Can open source AI models be banned or recalled?
A government can pass laws against future releases or hosting, but it cannot un-publish weights that are already in circulation. A released open-weight model exists on countless machines across many countries at once. That is what makes open models resilient: there is nothing central left to revoke.
What is the difference between cloud AI and on-device AI?
Cloud AI runs on a company's servers, and your request travels there and back over the internet. On-device AI runs on your own phone or computer, so the work happens locally. On-device AI keeps working without internet, has no per-use bill, sends nothing away, and cannot be switched off by a remote order. Cloud AI can offer more raw power at the top end.
What happens to my app if the AI model it uses gets discontinued?

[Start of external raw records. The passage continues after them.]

(* For all $n\ge1$ and $k\ge0$, the map sending a word $x_n\cdots x_1\in L_{\mathrm{Rect}}$ to $\psi_{x_n}\circ\cdots\circ\psi_{x_1}(e_0)$ restricts to a bijection from the set of words in $L_{\mathrm{Rect}}$ of length $n$ containing exactly $k$ occurrences of the letter $d$ onto the set of rectangular permutations in $S_n$ with exactly $k$ recoils.
   Context: A permutation is rectangular if it avoids $2413,2431,4213,4231$; a recoil of $\pi\in S_n$ is $i\in\{1,\dots,n-1\}$ with $\pi^{-1}_i>\pi^{-1}_{i+1}$; $e_0$ is the empty permutation. For $\pi\in S_n$ (one-line form) and $1\le i,j\le n+1$, $\rho_{i,j}(\pi)\in S_{n+1}$ is obtained by increasing by $1$ every entry $\ge i$ and inserting the value $i$ at position $j$. Operators: $\psi_1=\rho_{1,1}$, domain all rectangular permutations (including $e_0$); $\psi_2=\rho_{1,2}$, domain rectangular $\pi$ of size $\ge1$ with $\pi_1\ne1$; $\psi_u(\pi)=\rho_{\pi_1,1}(\pi)$, same domain as $\psi_2$; $\psi_d(\pi)=\rho_{\pi_1+1,1}(\pi)$, domain rectangular $\pi$ of size $\ge1$. A word $x_m\cdots x_1$ over $\{1,2,u,d\}$ stands for $\psi_{x_m}\circ\cdots\circ\psi_{x_1}$ (rightmost applied first); $L_{\mathrm{Rect}}$ is the set of words of length $m\ge1$ for which this composition applied to $e_0$ is defined (each operator applied within its domain). *)

theory Defs
  imports Main
begin

definition perms :: "nat \<Rightarrow> nat list set" where
  "perms n = {p. length p = n \<and> distinct p \<and> set p = {1..n}}"

definition contains_pattern :: "nat list \<Rightarrow> nat list \<Rightarrow> bool" where
  "contains_pattern p s \<longleftrightarrow>
     (\<exists>idx. length idx = length s \<and> sorted_wrt (<) idx \<and> (\<forall>a\<in>set idx. a < length p) \<and>
        (\<forall>a < length s. \<forall>b < length s. (p ! (idx ! a) < p ! (idx ! b)) \<longleftrightarrow> (s ! a < s ! b)))"

definition avoids :: "nat list \<Rightarrow> nat list \<Rightarrow> bool" where
  "avoids p s \<longleftrightarrow> \<not> contains_pattern p s"

definition rectangular :: "nat list \<Rightarrow> bool" where
  "rectangular p \<longleftrightarrow> avoids p [2,4,1,3] \<and> avoids p [2,4,3,1] \<and> avoids p [4,2,1,3] \<and> avoids p [4,2,3,1]"

definition recoils :: "nat list \<Rightarrow> nat set" where
  "recoils p = {i. 1 \<le> i \<and> i \<le> length p - 1 \<and>
      (\<exists>a b. a < length p \<and> b < length p \<and> p ! a = i \<and> p ! b = i + 1 \<and> a > b)}"

definition rho :: "nat \<Rightarrow> nat \<Rightarrow> nat list \<Rightarrow> nat list" where
  "rho i j p = (let q = map (\<lambda>x. if x \<ge> i then x + 1 else x) p
                in take (j - 1) q @ [i] @ drop (j - 1) q)"

datatype letter = L1 | L2 | Lu | Ld

fun psi :: "letter \<Rightarrow> nat list \<Rightarrow> nat list option" where
  "psi L1 p = (if rectangular p then Some (rho 1 1 p) else None)"
| "psi L2 p = (if rectangular p \<and> length p \<ge> 1 \<and> hd p \<noteq> 1 then Some (rho 1 2 p) else None)"
| "psi Lu p = (if rectangular p \<and> length p \<ge> 1 \<and> hd p \<noteq> 1 then Some (rho (hd p) 1 p) else None)"
| "psi Ld p = (if rectangular p \<and> length p \<ge> 1 then Some (rho (hd p + 1) 1 p) else None)"

(* A word x_m ... x_1 is the list [x_m, ..., x_1]; x_1 (last element) is applied first to e_0 = [] *)
fun eval_word :: "letter list \<Rightarrow> nat list option" where
  "eval_word [] = Some []"
| "eval_word (x # w) = Option.bind (eval_word w) (psi x)"

definition L_Rect :: "letter list set" where
  "L_Rect = {w. length w \<ge> 1 \<and> eval_word w \<noteq> None}"

end

theory Submission
  imports Defs
begin

text \<open>
  A permutation contains one of 2413, 2431, 4213, 4231 iff it has a \<^emph>\<open>crossing\<close>: entries
  \<open>a, b, c, d\<close> in this order with \<open>min c d < min a b < max c d < max a b\<close>.
  The operators \<open>\<psi>\<^sub>1\<close>, \<open>\<psi>\<^sub>2\<close> insert the minimum at position 1 or 2, where it cannot lie in a
  crossing; \<open>\<psi>\<^sub>u\<close>, \<open>\<psi>\<^sub>d\<close> put in front a value consecutive to the old first entry, and in a
  crossing through the new entry the old one could take its place. So all operators preserve
  rectangularity. Conversely, a rectangular permutation starts with 1, has 1 in second
  position, or starts with two consecutive values, since otherwise 1 and the successor of the
  smaller of its first two entries form a crossing with them. The case tells which operator
  produced it, and deleting the inserted entry gives the unique rectangular preimage; hence
  evaluation of words of length \<open>n\<close> is a bijection onto the rectangular permutations in \<open>S\<^sub>n\<close>.
  Finally only \<open>\<psi>\<^sub>d\<close> creates a recoil, so the number of letters \<open>d\<close> is the number of recoils.
\<close>


section \<open>Crossings\<close>

definition crossing :: "nat \<Rightarrow> nat \<Rightarrow> nat \<Rightarrow> nat \<Rightarrow> bool" where
  "crossing a b c d \<longleftrightarrow> min c d < min a b \<and> min a b < max c d \<and> max c d < max a b"

definition has_crossing :: "nat list \<Rightarrow> bool" where
  "has_crossing p \<longleftrightarrow> (\<exists>i0 i1 i2 i3. i0 < i1 \<and> i1 < i2 \<and> i2 < i3 \<and> i3 < length p \<and>
     crossing (p!i0) (p!i1) (p!i2) (p!i3))"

If you depend on a single cloud model, a discontinuation forces an urgent migration: rewriting prompts, re-testing behaviour, and sometimes redesigning features around a different model. You can reduce this pain by putting a thin abstraction layer between your app and the model, keeping a fallback model ready, and moving anything that must not break onto an on-device model you control.
Will Anthropic bring Fable 5 and Mythos 5 back?
Anthropic said it believes the directive stemmed from a misunderstanding and that it hoped to restore access as soon as possible. As of mid-June 2026 the models remained suspended. Even if they return, the episode set a precedent that a deployed frontier model can be switched off by a government order.
What is an export control, and how does it apply to AI models?
Export controls are government rules that restrict who can receive certain sensitive technologies. They have long covered advanced chips and chipmaking equipment. The June 12 directive extended that logic to a live software model for the first time, treating access to the model itself as something that can be restricted on national-security grounds.
Should developers switch to open or local models?
For features that must keep working regardless of outages, prices, or politics, yes, prefer open or local models. For occasional jobs that genuinely need the strongest possible reasoning, a cloud frontier model is still the right call. The healthy pattern is a local default for everyday work, with cloud reserved for the hard, infrequent tasks that earn the cost and the dependency.
What is the most stable AI for something that has to keep working?
The most stable AI is one that runs on hardware you control and cannot be recalled by anyone else. In practice that means an on-device or open-weight model. For everyday voice work specifically, an on-device dictation tool like Yaps keeps working offline, during outages, and after directives, because the model lives on your device rather than on a server.
Does Yaps keep working if a model gets banned or the internet goes down?
Yes. Yaps runs its core speech work on your own device by default, so dictation, read-aloud, and transcription keep working with no internet and no dependence on any external API. A directive, an outage, or a price change at any AI provider does not affect the on-device loop. Yaps also offers an optional cloud mode for users who specifically want it.
What is AI sovereignty, and why does it matter now?
AI sovereignty is the idea that access to powerful AI is shaped by which country controls it and which alliances that country belongs to. The June 12 shutdown made it concrete: a model can be switched off by the government with authority over the company that built it. For builders, it means the jurisdiction of your AI provider is now part of your risk, not just its pricing and performance.